2. Les " bleus " ou la consécration de l'anomie budgétaire

a) Malgré leur réforme...

La présentation des crédits dans les " bleus budgétaires " constitue aujourd'hui l'essentiel de l'information brute donnée par le gouvernement sur le montant et la destination des crédits. Ces " bleus " ont, en outre, une vraie portée juridique : la répartition des crédits par chapitre lie le gouvernement dans l'exécution du budget, sous les réserves rappelées dans le chapitre 2 du présent rapport.

Afin de mieux faire apparaître les missions imparties aux ministères, la direction du budget a entrepris, en 1994, une réforme de ces annexes explicatives.

La modernisation des documents budgétaires s'est traduite par la suppression des actions figurant jusqu'ici dans les bleus, et leur remplacement par des regroupements plus globaux dénommés agrégats. A chacun de ceux-ci sont associés des indicateurs destinés à apporter des éléments d'appréciation et de comparaison sur leurs activités et leur bilan coût-efficacité.

Ainsi, après une récapitulation des crédits et leur présentation par chapitre et article, les " bleus " comportent une récapitulation des crédits par agrégat.

Leur nombre est variable, allant de trois à huit, pour les ministères dont les budgets sont les plus importants.

Chaque agrégat est accompagné d'un tableau faisant apparaître le montant des crédits, tant en autorisations de programme qu'en crédits de paiement, suivi de la liste des chapitres et articles dans lesquels sont répartis ces crédits.

Enfin, suivent deux paragraphes. Le premier, intitulé " contenu de l'agrégat ", comporte, d'une part, la liste des services dont les moyens sont regroupés dans l'agrégat et, d'autre part, les dépenses couvertes par les dotations affectées à ce même agrégat. Le second paragraphe concerne les indicateurs.

b) ...les " bleus " ne constituent en rien le support d'une budgétisation par objectifs...

La direction du budget prévoyait trois types d'indicateurs concernant respectivement les moyens (effectifs mis en oeuvre, équipements immobiliers, nombre de micro-ordinateurs, taux de déconcentration des crédits...), les activités (nombre d'actes effectués, d'activités opérationnelles...) et, enfin, les résultats (performances, objectifs atteints, qualité des services rendus...).

En pratique, les indicateurs de résultats sont généralement inexistants. L'absence d'objectifs chiffrés rendrait d'ailleurs leur exploitation peu probante.

En l'état actuel des choses, l'intérêt des agrégats est essentiellement d'ordre pédagogique. En revanche, pour un lecteur extérieur, les bleus n'apportent que des informations succinctes sur les projets des ministères et sur le rapport coût-efficacité de l'utilisation de leurs dotations budgétaires.

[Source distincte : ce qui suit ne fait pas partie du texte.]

(* Let $(\alpha_j)_{j\in\mathbb N}$, $(\beta_j)_{j\in\mathbb N}$, $(\sigma_j)_{j\in\mathbb N}$ be real sequences with $$\alpha_j\ge 0,\qquad 1\ge\beta_1\ge\beta_2\ge\cdots>0,\qquad 1<\sigma_1\le\sigma_2\le\cdots.$$ Assume further that, with $r_j=\alpha_j/\beta_j$, one has $0<r_1\le r_2\le\cdots$, and that there is a constant $c>0$ such that $\sum_{j=1}^d\alpha_j\le c\,d\,\alpha_d$ for every $d\in\mathbb N$. Let $\mathcal B=\{\mathcal B_d\}_{d\in\mathbb N}$ be the associated sequence of additive random fields with Korobov-kernel marginals (see context). Then $\mathcal B$ is strongly polynomially tractable for the normalized error criterion (NOR) if and only if $$B_*:=\liminf_{d\to\infty}\frac{\ln(\alpha_d/\beta_d)}{\ln d}>0,$$ and in that case the exponent of strong polynomial tractability (for NOR) is $$p^{\rm str-avg}=\max\Big\{\frac{2}{B_*},\frac{2}{\sigma_1-1}\Big\}.$$ In particular, if $\alpha_j=1$ for all $j\in\mathbb N$, then $\mathcal B$ is strongly polynomially tractable for NOR if and only if $\liminf_{d\to\infty}\frac{\ln(1/\beta_d)}{\ln d}>0$.
   Context: For $\alpha\ge0$, $\beta>0$, $\sigma>1$, let $B_{\alpha,\beta,\sigma}(x)$, $x\in[0,1]$, be a zero-mean random process with covariance function $\kappa_{\alpha,\beta,\sigma}(x,y)=\alpha+2\beta\sum_{k=1}^\infty k^{-\sigma}\cos(2\pi k(x-y))$. Let $B_j$, $j\in\mathbb N$, be independent zero-mean random processes on $[0,1]$ with covariance functions $\kappa_{\alpha_j,\beta_j,\sigma_j}$, and for $d\in\mathbb N$ let $\mathcal B_d(\mathbf x)=\sum_{j=1}^d B_j(x_j)$, $\mathbf x\in[0,1]^d$, a zero-mean random field with covariance $\kappa^{\mathcal B_d}(\mathbf x,\mathbf y)=\sum_{j=1}^d\kappa_{\alpha_j,\beta_j,\sigma_j}(x_j,y_j)$, viewed as a random element of $L_2([0,1]^d)$. The $n$th minimal average case error is $e^{\mathcal B_d}(n)=\inf\{(\mathbb E\|\mathcal B_d-\sum_{m=1}^n(\mathcal B_d,\varphi_m)_{2,d}\psi_m\|_{2,d}^2)^{1/2}:\varphi_m,\psi_m\in L_2([0,1]^d)\}$ and $e^{\mathcal B_d}(0)=(\mathbb E\|\mathcal B_d\|_{2,d}^2)^{1/2}$. (Equivalently, if $\lambda_{d,1}\ge\lambda_{d,2}\ge\cdots$ are the eigenvalues of the covariance operator of $\mathcal B_d$ on $L_2([0,1]^d)$, namely $\sum_{j=1}^d\alpha_j$ together with the numbers $\beta_j k^{-\sigma_j}$, $k\in\mathbb N$, $j=1,\dots,d$, each taken twice, then $e^{\mathcal B_d}(n)^2=\sum_{j>n}\lambda_{d,j}$.) For $\varepsilon\in(0,1)$, the NOR information complexity is $n^{\mathcal B_d,\mathrm{NOR}}(\varepsilon)=\min\{n\in\mathbb N: e^{\mathcal B_d}(n)\le\varepsilon\, e^{\mathcal B_d}(0)\}$. The problem is strongly polynomially tractable (SPT) for NOR if there are $C,p\ge0$ with $n^{\mathcal B_d,\mathrm{NOR}}(\varepsilon)\le C\varepsilon^{-p}$ for all $d\in\mathbb N$, $\varepsilon\in(0,1)$; the exponent $p^{\rm str-avg}$ is the infimum of such $p$. Convention: $2/B_*=0$ if $B_*=\infty$. *)

theory Defs
  imports "HOL-Analysis.Analysis"
begin

text \<open>Eigenvalues of the covariance operator of the additive field B_d.
  Index None: the eigenvalue sum_{j=1..d} alpha_j (constant eigenfunction).
  Index Some (j,k,b), 1 <= j <= d, k >= 1, b a bool: eigenvalue beta_j k^(-sigma_j)
  (the bool accounts for multiplicity two, cos and sin).\<close>

definition eig_index :: "nat \<Rightarrow> (nat \<times> nat \<times> bool) option set" where
  "eig_index d = insert None (Some ` ({1..d} \<times> {1..} \<times> UNIV))"

definition eig :: "(nat \<Rightarrow> real) \<Rightarrow> (nat \<Rightarrow> real) \<Rightarrow> (nat \<Rightarrow> real) \<Rightarrow> nat
    \<Rightarrow> (nat \<times> nat \<times> bool) option \<Rightarrow> real" where
  "eig \<alpha> \<beta> \<sigma> d i = (case i of
      None \<Rightarrow> (\<Sum>j=1..d. \<alpha> j)
    | Some (j, k, b) \<Rightarrow> \<beta> j * real k powr (- \<sigma> j))"

text \<open>Squared n-th minimal average case error: the sum of all eigenvalues except
  the n largest, i.e. the infimum over at most n removed indices of the remaining sum.\<close>
definition err_sq :: "(nat \<Rightarrow> real) \<Rightarrow> (nat \<Rightarrow> real) \<Rightarrow> (nat \<Rightarrow> real) \<Rightarrow> nat \<Rightarrow> nat \<Rightarrow> real" where
  "err_sq \<alpha> \<beta> \<sigma> d n = Inf {infsum (eig \<alpha> \<beta> \<sigma> d) (eig_index d - S) | S.
       S \<subseteq> eig_index d \<and> finite S \<and> card S \<le> n}"

definition err :: "(nat \<Rightarrow> real) \<Rightarrow> (nat \<Rightarrow> real) \<Rightarrow> (nat \<Rightarrow> real) \<Rightarrow> nat \<Rightarrow> nat \<Rightarrow> real" where
  "err \<alpha> \<beta> \<sigma> d n = sqrt (err_sq \<alpha> \<beta> \<sigma> d n)"

definition n_nor :: "(nat \<Rightarrow> real) \<Rightarrow> (nat \<Rightarrow> real) \<Rightarrow> (nat \<Rightarrow> real) \<Rightarrow> nat \<Rightarrow> real \<Rightarrow> nat" where
  "n_nor \<alpha> \<beta> \<sigma> d \<epsilon> = (LEAST n. err \<alpha> \<beta> \<sigma> d n \<le> \<epsilon> * err \<alpha> \<beta> \<sigma> d 0)"

definition SPT_bound :: "(nat \<Rightarrow> real) \<Rightarrow> (nat \<Rightarrow> real) \<Rightarrow> (nat \<Rightarrow> real) \<Rightarrow> real \<Rightarrow> bool" where
  "SPT_bound \<alpha> \<beta> \<sigma> p \<longleftrightarrow> p \<ge> 0 \<and> (\<exists>C\<ge>0. \<forall>d\<ge>1. \<forall>\<epsilon>. 0 < \<epsilon> \<and> \<epsilon> < 1 \<longrightarrow>
       real (n_nor \<alpha> \<beta> \<sigma> d \<epsilon>) \<le> C * \<epsilon> powr (- p))"

definition SPT_NOR :: "(nat \<Rightarrow> real) \<Rightarrow> (nat \<Rightarrow> real) \<Rightarrow> (nat \<Rightarrow> real) \<Rightarrow> bool" where
  "SPT_NOR \<alpha> \<beta> \<sigma> \<longleftrightarrow> (\<exists>p. SPT_bound \<alpha> \<beta> \<sigma> p)"

definition p_str_avg :: "(nat \<Rightarrow> real) \<Rightarrow> (nat \<Rightarrow> real) \<Rightarrow> (nat \<Rightarrow> real) \<Rightarrow> real" where
  "p_str_avg \<alpha> \<beta> \<sigma> = Inf {p. SPT_bound \<alpha> \<beta> \<sigma> p}"

definition two_over :: "ereal \<Rightarrow> real" where
  "two_over B = (if B = \<infinity> then 0 else 2 / real_of_ereal B)"

end

theory Submission
  imports Defs
begin

text \<open>
  Keeping the constant eigenvalue and the \<open>m j\<close> lowest frequencies of every coordinate
  \<open>j \<le> d\<close> leaves a tail of at most \<open>2 \<zeta>(s) \<Sum>j. \<beta> j (m j + 1) powr - \<gamma>\<close> whenever
  \<open>s > 1\<close> and \<open>s + \<gamma> \<le> \<sigma> 1\<close>. If \<open>r j = \<alpha> j / \<beta> j \<ge> \<kappa> j powr b\<close> with \<open>b > 2 / p\<close> and
  \<open>2 / p < \<sigma> 1 - 1\<close>, the choice \<open>\<gamma> = 2 / p\<close>, \<open>m j \<approx> (\<kappa> \<epsilon>\<^sup>2) powr (- p / 2) j powr (- b p / 2)\<close>
  makes this tail at most \<open>\<epsilon>\<^sup>2 \<Sum>j. \<alpha> j\<close> at a cost \<open>O(\<epsilon> powr - p)\<close> independent of \<open>d\<close>;
  such \<open>b\<close> and \<open>\<kappa>\<close> exist whenever \<open>p > 2 / B\<^sub>*\<close>.

  Conversely, a bound \<open>n(\<epsilon>) \<le> C \<epsilon> powr - p\<close> is refuted as soon as \<open>n(D N powr - t) > N\<close> for
  infinitely many \<open>N\<close> with \<open>p t < 1\<close>. For \<open>d = 1\<close> and \<open>t = (\<sigma> 1 - 1) / 2\<close> this comes from
  the \<open>2 N\<close> eigenvalues \<open>\<beta> 1 k powr - \<sigma> 1\<close>, \<open>k \<le> 2 N\<close>. For \<open>t = b / 2\<close> with \<open>b > B\<^sub>*\<close> it
  comes, along the infinitely many dimensions with \<open>r d \<le> d powr b\<close>, from the \<open>2 d\<close>
  eigenvalues \<open>\<beta> j \<ge> \<beta> d\<close> of the lowest frequency of each coordinate, because the initial
  error is \<open>O(\<Sum>j\<le>d. \<alpha> j) = O(d \<alpha> d)\<close>.
\<close>

lemma cInf_eq_of_greaterThan_subset:
  fixes S :: "'a :: {conditionally_complete_linorder, dense_linorder, no_top} set"
  assumes "{M<..} \<subseteq> S" "S \<subseteq> {M..}"
  shows "Inf S = M"
proof (rule cInf_eq_non_empty)
  show "S \<noteq> {}" using assms(1) gt_ex[of M] by blast
  show "M \<le> x" if "x \<in> S" for x using assms(2) that by auto
  show "y \<le> M" if "\<And>x. x \<in> S \<Longrightarrow> y \<le> x" for y
  proof (rule dense_ge)
    fix x assume "M < x"
    then show "y \<le> x" using that assms(1) by blast
  qed
qed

Les " bleus " ne peuvent nullement être assimilés à des rapports d'activité des ministères concernés.

Il convient par ailleurs de s'interroger sur le choix des agrégats dès lors qu'ils ne correspondent pas aux programmes inscrits dans les " blancs ".

c) ... et constituent le support d'une budgétisation de moyens.

Outre la répartition des crédits par chapitre, les bleus constituent le support juridique de la distinction entre services votés et mesures nouvelles.

Formant 93 % de l'ensemble des dépenses du budget général, les services votés constituent le minimum de moyens que le gouvernement juge nécessaire à la poursuite des missions de l'Etat. Au-delà, ce sont les moyens supplémentaires, qu'il est demandé au Parlement de voter chaque année par ministère, et dénommés " mesures nouvelles ".

Aucune explication de la distinction entre les deux types de moyens n'est fournie dans les bleus, et elle reste mystérieuse. Où se trouve la lisière entre moyens indispensables et moyens qui ne le sont pas ? Les bleus ne le disent pas.

En revanche, c'est bien sur des moyens nouveaux, sans considération des objectifs, ni débat sur les moyens indispensables, que le Parlement doit se prononcer chaque année.